Who is the "blonde assassin"?

One interpretation is that the "blond assassin" in the poem refers to the frost mentioned two lines previously. The frost is personified as beheading "any happy Flower," and this personification is continued in the line, "The blond assassin passes on." The frost is described as blond perhaps to compound the impression that it is cold, not just literally but emotionally. It "beheads" the flower with no hesitation or compassion. The word assassin also emphasizes this idea that the frost is a cold, unemotional killer.
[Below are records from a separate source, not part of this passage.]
(* Let $\mathbb{X}=\{T,F\}$, $n\ge1$, and for $i=1,\dots,n$ let $Bel_{\mathbb{X}_i}$ be a belief function on $\mathbb{X}_i=\mathbb{X}$. Define the belief likelihood $Bel_{\mathbb{X}_1\times\cdots\times\mathbb{X}_n}$ as the combination $Bel_{\mathbb{X}_1}^{\uparrow}\odot\cdots\odot Bel_{\mathbb{X}_n}^{\uparrow}$ of the vacuous extensions to $\mathbb{X}_1\times\cdots\times\mathbb{X}_n$, where $\odot$ is either Dempster's rule $\oplus$ or the conjunctive rule. Then for every tuple $(x_1,\dots,x_n)$ with $x_i\in\mathbb{X}_i$, \[ Bel_{\mathbb{X}_1\times\cdots\times\mathbb{X}_n}(\{(x_1,\dots,x_n)\})=\prod_{i=1}^n Bel_{\mathbb{X}_i}(\{x_i\}). \]
   Context: A mass function on a finite set $\Theta$ is $m:2^\Theta\to[0,1]$ with $\sum_A m(A)=1$ (for Dempster's rule also $m(\emptyset)=0$); belief function $Bel(A)=\sum_{B\subseteq A}m(B)$ (for unnormalised masses the sum is over non-empty $B\subseteq A$). With $m_\cap(A)=\sum_{B\cap C=A}m_1(B)m_2(C)$, Dempster's rule gives $m_\oplus(A)=m_\cap(A)/(1-m_\cap(\emptyset))$ for $A\neq\emptyset$, and the conjunctive rule gives $m(A)=m_\cap(A)$ for all $A$ including $\emptyset$. The vacuous extension of a belief function on $\mathbb{X}_i$ with mass $m_i$ to $\mathbb{X}_1\times\cdots\times\mathbb{X}_n$ assigns mass $m_i(B)$ to $\mathbb{X}_1\times\cdots\times\mathbb{X}_{i-1}\times B\times\mathbb{X}_{i+1}\times\cdots\times\mathbb{X}_n$ and $0$ elsewhere. (In the paper each $Bel_{\mathbb{X}_i}$ depends on a parameter $\theta$, which is held fixed.) *)

theory Defs
  imports Complex_Main
begin

text \<open>Mass function on a finite frame Theta (possibly unnormalised: m {} may be > 0).\<close>
definition mass_fun :: "'a set \<Rightarrow> ('a set \<Rightarrow> real) \<Rightarrow> bool" where
  "mass_fun Theta m \<longleftrightarrow> (\<forall>A. 0 \<le> m A) \<and> (\<forall>A. \<not> A \<subseteq> Theta \<longrightarrow> m A = 0)
     \<and> sum m (Pow Theta) = 1"

text \<open>Belief function: sum over non-empty focal subsets (coincides with the usual
  definition when m {} = 0).\<close>
definition bel :: "('a set \<Rightarrow> real) \<Rightarrow> 'a set \<Rightarrow> real" where
  "bel m A = sum m {B. B \<subseteq> A \<and> B \<noteq> {}}"

definition conj_rule :: "'a set \<Rightarrow> ('a set \<Rightarrow> real) \<Rightarrow> ('a set \<Rightarrow> real) \<Rightarrow> 'a set \<Rightarrow> real" where
  "conj_rule Theta m1 m2 A =
     (\<Sum>(B, C) \<in> {(B, C). B \<subseteq> Theta \<and> C \<subseteq> Theta \<and> B \<inter> C = A}. m1 B * m2 C)"

definition dempster_rule :: "'a set \<Rightarrow> ('a set \<Rightarrow> real) \<Rightarrow> ('a set \<Rightarrow> real) \<Rightarrow> 'a set \<Rightarrow> real" where
  "dempster_rule Theta m1 m2 A =
     (if A = {} then 0 else conj_rule Theta m1 m2 A / (1 - conj_rule Theta m1 m2 {}))"

fun combine_list :: "(('a set \<Rightarrow> real) \<Rightarrow> ('a set \<Rightarrow> real) \<Rightarrow> ('a set \<Rightarrow> real))
      \<Rightarrow> ('a set \<Rightarrow> real) list \<Rightarrow> ('a set \<Rightarrow> real)" where
  "combine_list r [] = (\<lambda>A. 0)"
| "combine_list r [m] = m"
| "combine_list r (m1 # m2 # ms) = combine_list r (r m1 m2 # ms)"

text \<open>Product frame X_1 x ... x X_n with X_i = {T,F} = bool; tuples are lists of length n
  (component i is xs ! i, i < n).\<close>
definition prod_frame :: "nat \<Rightarrow> bool list set" where
  "prod_frame n = {xs. length xs = n}"

definition cyl :: "nat \<Rightarrow> nat \<Rightarrow> bool set \<Rightarrow> bool list set" where
  "cyl n i B = {xs. length xs = n \<and> xs ! i \<in> B}"

definition vac_ext :: "nat \<Rightarrow> nat \<Rightarrow> (bool set \<Rightarrow> real) \<Rightarrow> bool list set \<Rightarrow> real" where
  "vac_ext n i m A = sum m {B. cyl n i B = A}"


definition bel_lik :: "((bool list set \<Rightarrow> real) \<Rightarrow> (bool list set \<Rightarrow> real) \<Rightarrow> (bool list set \<Rightarrow> real))
      \<Rightarrow> nat \<Rightarrow> (nat \<Rightarrow> bool set \<Rightarrow> real) \<Rightarrow> bool list set \<Rightarrow> real" where
  "bel_lik r n ms = combine_list r (map (\<lambda>i. vac_ext n i (ms i)) [0..<n])"

end

theory Submission imports Defs begin

text \<open>Every focal set of the conjunctive combination of the first k vacuous extensions is a
  rectangle B_0 x ... x B_(k-1) x X^(n-k) whose sides are focal for the factor masses. A
  rectangle determines its sides when it is a singleton, so at each combination step the
  singleton rectangle of a tuple is the intersection of exactly one pair of focal sets, and its
  mass is multiplied by the mass of the next singleton factor. If no factor has mass on the empty set, all focal rectangles are nonempty, there is no
  conflict, and Dempster's rule coincides with the conjunctive rule at every step.\<close>

lemma combine_list_snoc:
  "ms \<noteq> [] \<Longrightarrow> combine_list r (ms @ [m]) = r (combine_list r ms) m"
  by (induction r ms rule: combine_list.induct) auto

lemma bel_singleton: "bel m {x} = m {x}"
proof -
  have "{B. B \<subseteq> {x} \<and> B \<noteq> {}} = {{x}}" by auto
  then show ?thesis by (simp add: bel_def)
qed

lemma conj_rule_neq_0E:
  assumes "conj_rule \<Theta> m1 m2 A \<noteq> 0"
  obtains B C where "B \<inter> C = A" "m1 B \<noteq> 0" "m2 C \<noteq> 0"
proof -
  obtain p where "p \<in> {(B, C). B \<subseteq> \<Theta> \<and> C \<subseteq> \<Theta> \<and> B \<inter> C = A}"
      and "(case p of (B, C) \<Rightarrow> m1 B * m2 C) \<noteq> 0"
    using assms unfolding conj_rule_def by (rule sum.not_neutral_contains_not_neutral)
  then show ?thesis using that by auto
qed

lemma conj_rule_eq_single:
  assumes "finite \<Theta>" "B0 \<subseteq> \<Theta>" "C0 \<subseteq> \<Theta>" "B0 \<inter> C0 = A"
    and unique: "\<And>B C. B \<inter> C = A \<Longrightarrow> m1 B \<noteq> 0 \<Longrightarrow> m2 C \<noteq> 0 \<Longrightarrow> B = B0 \<and> C = C0"
  shows "conj_rule \<Theta> m1 m2 A = m1 B0 * m2 C0"
proof -
  let ?P = "{(B, C). B \<subseteq> \<Theta> \<and> C \<subseteq> \<Theta> \<and> B \<inter> C = A}"
  have "finite ?P"
    by (rule finite_subset[of _ "Pow \<Theta> \<times> Pow \<Theta>"]) (use assms(1) in auto)
  moreover have "{(B0, C0)} \<subseteq> ?P" using assms(2-4) by blast
  moreover have "\<forall>p \<in> ?P - {(B0, C0)}. (case p of (B, C) \<Rightarrow> m1 B * m2 C) = 0"
    using unique by fastforce
  ultimately show ?thesis unfolding conj_rule_def by (subst sum.mono_neutral_right) auto
qed

lemma dempster_rule_eq_conj_rule:
  "conj_rule \<Theta> m1 m2 {} = 0 \<Longrightarrow> dempster_rule \<Theta> m1 m2 = conj_rule \<Theta> m1 m2"
  by (simp add: fun_eq_iff dempster_rule_def)

lemma finite_prod_frame: "finite (prod_frame n)"
  unfolding prod_frame_def using finite_lists_length_eq[of "UNIV :: bool set" n] by simp

lemma cyl_subset_prod_frame: "cyl n k D \<subseteq> prod_frame n"
  by (auto simp: cyl_def prod_frame_def)

lemma inj_cyl:
  assumes "k < n"
  shows "inj (cyl n k)"
proof (rule injI)
  fix B D assume eq: "cyl n k B = cyl n k D"
  have "b \<in> B \<longleftrightarrow> replicate n b \<in> cyl n k B" for b B using assms by (simp add: cyl_def)
  then show "B = D" using eq by blast
qed

lemma vac_ext_cyl: "k < n \<Longrightarrow> vac_ext n k m (cyl n k D) = m D"
  using inj_cyl[of k n] by (simp add: vac_ext_def inj_eq)

lemma vac_ext_neq_0E:
  assumes "vac_ext n k m C \<noteq> 0"
  obtains D where "C = cyl n k D" "m D \<noteq> 0"
  using assms unfolding vac_ext_def
  by (rule sum.not_neutral_contains_not_neutral) (use that in auto)

definition rect :: "nat \<Rightarrow> nat \<Rightarrow> (nat \<Rightarrow> bool set) \<Rightarrow> bool list set" where
  "rect n k Bs = {ys. length ys = n \<and> (\<forall>i<k. ys ! i \<in> Bs i)}"

lemma rect_Suc_0: "rect n (Suc 0) Bs = cyl n 0 (Bs 0)"
  by (auto simp: rect_def cyl_def)

lemma rect_inter_cyl: "rect n k Bs \<inter> cyl n k D = rect n (Suc k) (Bs(k := D))"
  by (auto simp: rect_def cyl_def less_Suc_eq)

lemma rect_cong: "(\<And>i. i < k \<Longrightarrow> Bs i = Cs i) \<Longrightarrow> rect n k Bs = rect n k Cs"
  by (auto simp: rect_def)

lemma rect_subset_prod_frame: "rect n k Bs \<subseteq> prod_frame n"
  by (auto simp: rect_def prod_frame_def)

lemma rect_singletons: "length xs = n \<Longrightarrow> rect n n (\<lambda>i. {xs ! i}) = {xs}"
  by (auto simp: rect_def intro: nth_equalityI)

lemma rect_nonempty:
  assumes "k \<le> n" "\<forall>i<k. Bs i \<noteq> {}"
  shows "rect n k Bs \<noteq> {}"
proof -
  let ?ys = "map (\<lambda>i. if i < k then (SOME b. b \<in> Bs i) else True) [0..<n]"
  have "?ys \<in> rect n k Bs"
    using assms by (auto simp: rect_def some_in_eq)
  then show ?thesis by blast
qed

lemma list_update_in_rect_iff:
  assumes "xs \<in> rect n k Bs" "k \<le> n" "i < k"
  shows "xs[i := b] \<in> rect n k Bs \<longleftrightarrow> b \<in> Bs i"
  using assms by (auto simp: rect_def nth_list_update)

lemma rect_eq_singletonsD:
  assumes "length xs = n" "k \<le> n" "rect n k Bs = rect n k (\<lambda>i. {xs ! i})" "i < k"
  shows "Bs i = {xs ! i}"
proof -
  have xs: "xs \<in> rect n k (\<lambda>i. {xs ! i})" using assms(1) by (simp add: rect_def)
  have "b \<in> Bs i \<longleftrightarrow> b \<in> {xs ! i}" for b
    using list_update_in_rect_iff[OF xs[folded assms(3)] assms(2,4)]
      list_update_in_rect_iff[OF xs assms(2,4)] assms(3) by simp
  then show ?thesis by blast
qed

text \<open>For k = 0 this is the junk value \<open>\<lambda>A. 0\<close> of \<open>combine_list\<close>, so inductions start at k = 1.\<close>
definition bel_lik_upto ::
    "((bool list set \<Rightarrow> real) \<Rightarrow> (bool list set \<Rightarrow> real) \<Rightarrow> (bool list set \<Rightarrow> real))
      \<Rightarrow> nat \<Rightarrow> (nat \<Rightarrow> bool set \<Rightarrow> real) \<Rightarrow> nat \<Rightarrow> bool list set \<Rightarrow> real" where
  "bel_lik_upto r n ms k = combine_list r (map (\<lambda>i. vac_ext n i (ms i)) [0..<k])"

lemma bel_lik_upto_Suc_0: "bel_lik_upto r n ms (Suc 0) = vac_ext n 0 (ms 0)"
  by (simp add: bel_lik_upto_def)

lemma bel_lik_upto_Suc:
  "k \<ge> 1 \<Longrightarrow> bel_lik_upto r n ms (Suc k) = r (bel_lik_upto r n ms k) (vac_ext n k (ms k))"
  by (simp add: bel_lik_upto_def combine_list_snoc)

lemma bel_lik_eq_upto: "bel_lik r n ms = bel_lik_upto r n ms n"
  by (simp add: bel_lik_def bel_lik_upto_def)
lemma monom_mem_alg_gen_of_kernel_rees_plus_gens:
  assumes S0: "alg_gen K S0 = filt D 0"
    and T: "finite T" "T \<subseteq> rees_plus D" "rees_plus D = module_span (rees D) T"
    and "a \<in> filt D n"
  shows "monom a n \<in> alg_gen (const_polys K) ((\<lambda>c. [:c:]) ` S0 \<union> homog_parts T)"
    (is "_ \<in> alg_gen _ ?G")
  using assms(5)
proof (induction n arbitrary: a rule: less_induct)
  case (less n)
  show ?case
  proof (cases n)
    case 0
    then have "[:a:] \<in> alg_gen (const_polys K) ((\<lambda>c. [:c:]) ` S0)"
      using less.prems S0 const_poly_mem_alg_gen by blast
    then show ?thesis
      using 0 alg_gen_mono[of "(\<lambda>c. [:c:]) ` S0" "const_polys K" ?G]
      by (auto simp: monom_0 intro: alg_gen.gen)
  next
    case (Suc m)
    then have "monom a n \<in> module_span (rees D) T"
      using less.prems by (simp add: T(3)[symmetric] rees_plus_def monom_mem_rees_iff)
    then have "homog_part n (monom a n) \<in> alg_gen (const_polys K) ?G"
      using T(1,2) less.IH by (intro homog_part_module_span_mem_alg_gen) auto
    then show ?thesis
      by (simp add: homog_part_monom)
  qed
qed

lemma fin_gen_kernel_rees_plus_imp_fin_gen_rees:
  assumes "fin_gen_alg K (filt D 0)" and "fin_gen_module (rees D) (rees_plus D)"
  shows "fin_gen_alg (const_polys K) (rees D)"
proof -
  obtain S0 where "finite S0" "S0 \<subseteq> filt D 0" and S0: "alg_gen K S0 = filt D 0"
    using assms(1) unfolding fin_gen_alg_def by blast
  obtain T where T: "finite T" "T \<subseteq> rees_plus D" "rees_plus D = module_span (rees D) T"
    using assms(2) unfolding fin_gen_module_iff by blast
  define G where "G = (\<lambda>c. [:c:]) ` S0 \<union> homog_parts T"
  have "finite G"
    by (simp add: G_def \<open>finite S0\<close> T(1) finite_homog_parts)
  moreover have "G \<subseteq> rees D"
    using \<open>S0 \<subseteq> filt D 0\<close> T(2)
    by (auto simp: G_def homog_parts_def const_poly_mem_rees_iff rees_plus_def homog_part_mem_rees)
  moreover have "monom a n \<in> alg_gen (const_polys K) G" if "a \<in> filt D n" for a n
    unfolding G_def using S0 T that by (rule monom_mem_alg_gen_of_kernel_rees_plus_gens)
  ultimately show ?thesis
    by (rule fin_gen_alg_reesI)
qed

end

theorem lemma2p8:
  fixes K :: "'a::idom set" and D :: "'a \<Rightarrow> 'a"
  assumes "subfield K" and "alg_closed_sub K" and "char_zero_ring TYPE('a)"
    and "finite_type_alg K" and "normal_domain TYPE('a)"
    and "k_derivation K D" and "locally_nilpotent D"
  shows "(fin_gen_alg (const_polys K) (rees D) \<longleftrightarrow>
            fin_gen_alg_mod (const_polys K) (rees D) (gr_ideal D))
       \<and> (fin_gen_alg_mod (const_polys K) (rees D) (gr_ideal D) \<longleftrightarrow>
            (fin_gen_alg K (filt D 0) \<and> fin_gen_module (rees D) (rees_plus D)))"
proof -
  have "0 \<in> K"
    using assms(1) unfolding subfield_def by blast
  then interpret rees_setting K D
    using assms(6) by unfold_locales
  show ?thesis
    using fin_gen_rees_imp_fin_gen_gr fin_gen_gr_imp_fin_gen_rees fin_gen_rees_imp_fin_gen_kernel
      fin_gen_rees_imp_fin_gen_rees_plus fin_gen_kernel_rees_plus_imp_fin_gen_rees
    by blast
qed

end
lemma star_neg_right: "x \<in> carrier G \<Longrightarrow> u \<in> carrier G \<Longrightarrow> x \<star> (-\<^sub>A u) = -\<^sub>A (x \<star> u)"
proof -
  assume x: "x \<in> carrier G" and u: "u \<in> carrier G"
  then have "x \<star> (-\<^sub>A u) +\<^sub>A x \<star> u = 0\<^sub>A" using star_add_right[of x "-\<^sub>A u" u] by simp
  then show ?thesis using G.inv_equality x u by simp
qed

lemma star_int_mult_right: "y \<in> carrier G \<Longrightarrow> x \<in> carrier G \<Longrightarrow> y \<star> (n \<times>\<^sub>A x) = n \<times>\<^sub>A (y \<star> x)"
  using G.int_pow_of_hom_on_subgroup[OF G.subgroup_self, of "(\<star>) y"] star_add_right by simp

section \<open>The star centres\<close>

abbreviation zeta where "zeta \<equiv> star_center A"

lemma mem_zeta_iff: "z \<in> zeta \<longleftrightarrow> z \<in> carrier G \<and> (\<forall>x\<in>carrier G. z \<star> x = 0\<^sub>A \<and> x \<star> z = 0\<^sub>A)"
  unfolding star_center_def bcarrier_def bzero_def by simp

lemma zeta_subset: "zeta \<subseteq> carrier G"
  using mem_zeta_iff by blast

lemma star_zeta_left [simp]: "z \<in> zeta \<Longrightarrow> x \<in> carrier G \<Longrightarrow> z \<star> x = 0\<^sub>A"
  using mem_zeta_iff by blast

lemma star_zeta_right [simp]: "z \<in> zeta \<Longrightarrow> x \<in> carrier G \<Longrightarrow> x \<star> z = 0\<^sub>A"
  using mem_zeta_iff by blast

lemma mult_zeta_left: "z \<in> zeta \<Longrightarrow> y \<in> carrier G \<Longrightarrow> z \<cdot>\<^sub>A y = z +\<^sub>A y"
  using mult_eq_star_add zeta_subset by auto

lemma mult_zeta_right: "z \<in> zeta \<Longrightarrow> y \<in> carrier G \<Longrightarrow> y \<cdot>\<^sub>A z = y +\<^sub>A z"
  using mult_eq_star_add zeta_subset by auto

lemma subgroup_zeta: "subgroup zeta G"
proof (rule G.subgroupI)
  show "zeta \<subseteq> carrier G" by (rule zeta_subset)
  show "zeta \<noteq> {}" using mem_zeta_iff[of "0\<^sub>A"] by auto
next
  fix z assume z: "z \<in> zeta"
  then have zc: "z \<in> carrier G" using zeta_subset by blast
  show "-\<^sub>A z \<in> zeta" unfolding mem_zeta_iff
  proof (intro conjI ballI)
    fix x assume x: "x \<in> carrier G"
    show "x \<star> (-\<^sub>A z) = 0\<^sub>A" using star_neg_right[OF x zc] z x by simp
    have "0\<^sub>A = (z \<cdot>\<^sub>A (-\<^sub>A z)) \<star> x" using mult_zeta_left[OF z, of "-\<^sub>A z"] zc x by simp
    also have "\<dots> = (-\<^sub>A z) \<star> x" using star_mult_left[of z "-\<^sub>A z" x] z zc x by simp
    finally show "(-\<^sub>A z) \<star> x = 0\<^sub>A" by simp
  qed (use zc in simp)
next
  fix z w assume z: "z \<in> zeta" and w: "w \<in> zeta"
  then have zc: "z \<in> carrier G" "w \<in> carrier G" using zeta_subset by auto
  show "z +\<^sub>A w \<in> zeta" unfolding mem_zeta_iff
  proof (intro conjI ballI)
    fix x assume x: "x \<in> carrier G"
    show "x \<star> (z +\<^sub>A w) = 0\<^sub>A" using star_add_right[OF x zc] z w x by simp
    have "(z +\<^sub>A w) \<star> x = (z \<cdot>\<^sub>A w) \<star> x" using mult_zeta_left[OF z, of w] zc by simp
    also have "\<dots> = 0\<^sub>A" using star_mult_left[of z w x] z w zc x by simp
    finally show "(z +\<^sub>A w) \<star> x = 0\<^sub>A" .
  qed (use zc in simp)
qed

lemma zeta_add_cancel_left:
  assumes a: "a \<in> zeta" and b: "b \<in> carrier G" and ab: "a +\<^sub>A b \<in> zeta"
  shows "b \<in> zeta"
proof -
  have "b = -\<^sub>A a +\<^sub>A (a +\<^sub>A b)" using a b zeta_subset by (auto simp: G.m_assoc[symmetric])
  then show ?thesis
    using subgroup.m_closed[OF subgroup_zeta subgroup.m_inv_closed[OF subgroup_zeta a] ab] by simp
qed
A second interpretation is that the "blond assassin" refers to the sun. The word "blond" would be a more fitting description of the yellow color of the sun. The sun also might be an assassin in the sense that it looks on seemingly with indifference ("The Sun proceeds unmoved") rather than prevent the frost from beheading the flower. It thus might be said to contribute to the death of the flower, indirectly. The sun also presumably kills the frost, in accordance with the natural cycle of seasons that Dickinson alludes to in the poem, and so might be considered an "assassin" in this sense too.


In this very short poem, the "blond assassin" is winter or, at least, the frosty cold that comes ahead of the actual season. In the first stanza, the narrator says that the "frost beheads" the happy flower with "accidental power" while the unsuspecting flower plays (as in summer or early fall); in other words, the frost doesn't mean to kill the flower, but it cannot help it because this is simply what frost, what the cold, does. As a killer, the narrator refers to the frost as an "assassin" in line 5, and the adjective "blond" seems to refer to the frost's coloring. It does not refer to the frost's blond hair, but, rather, the frost is very pale and fair, like blond hair is. This paleness or fairness is what is referred to by the word "blond."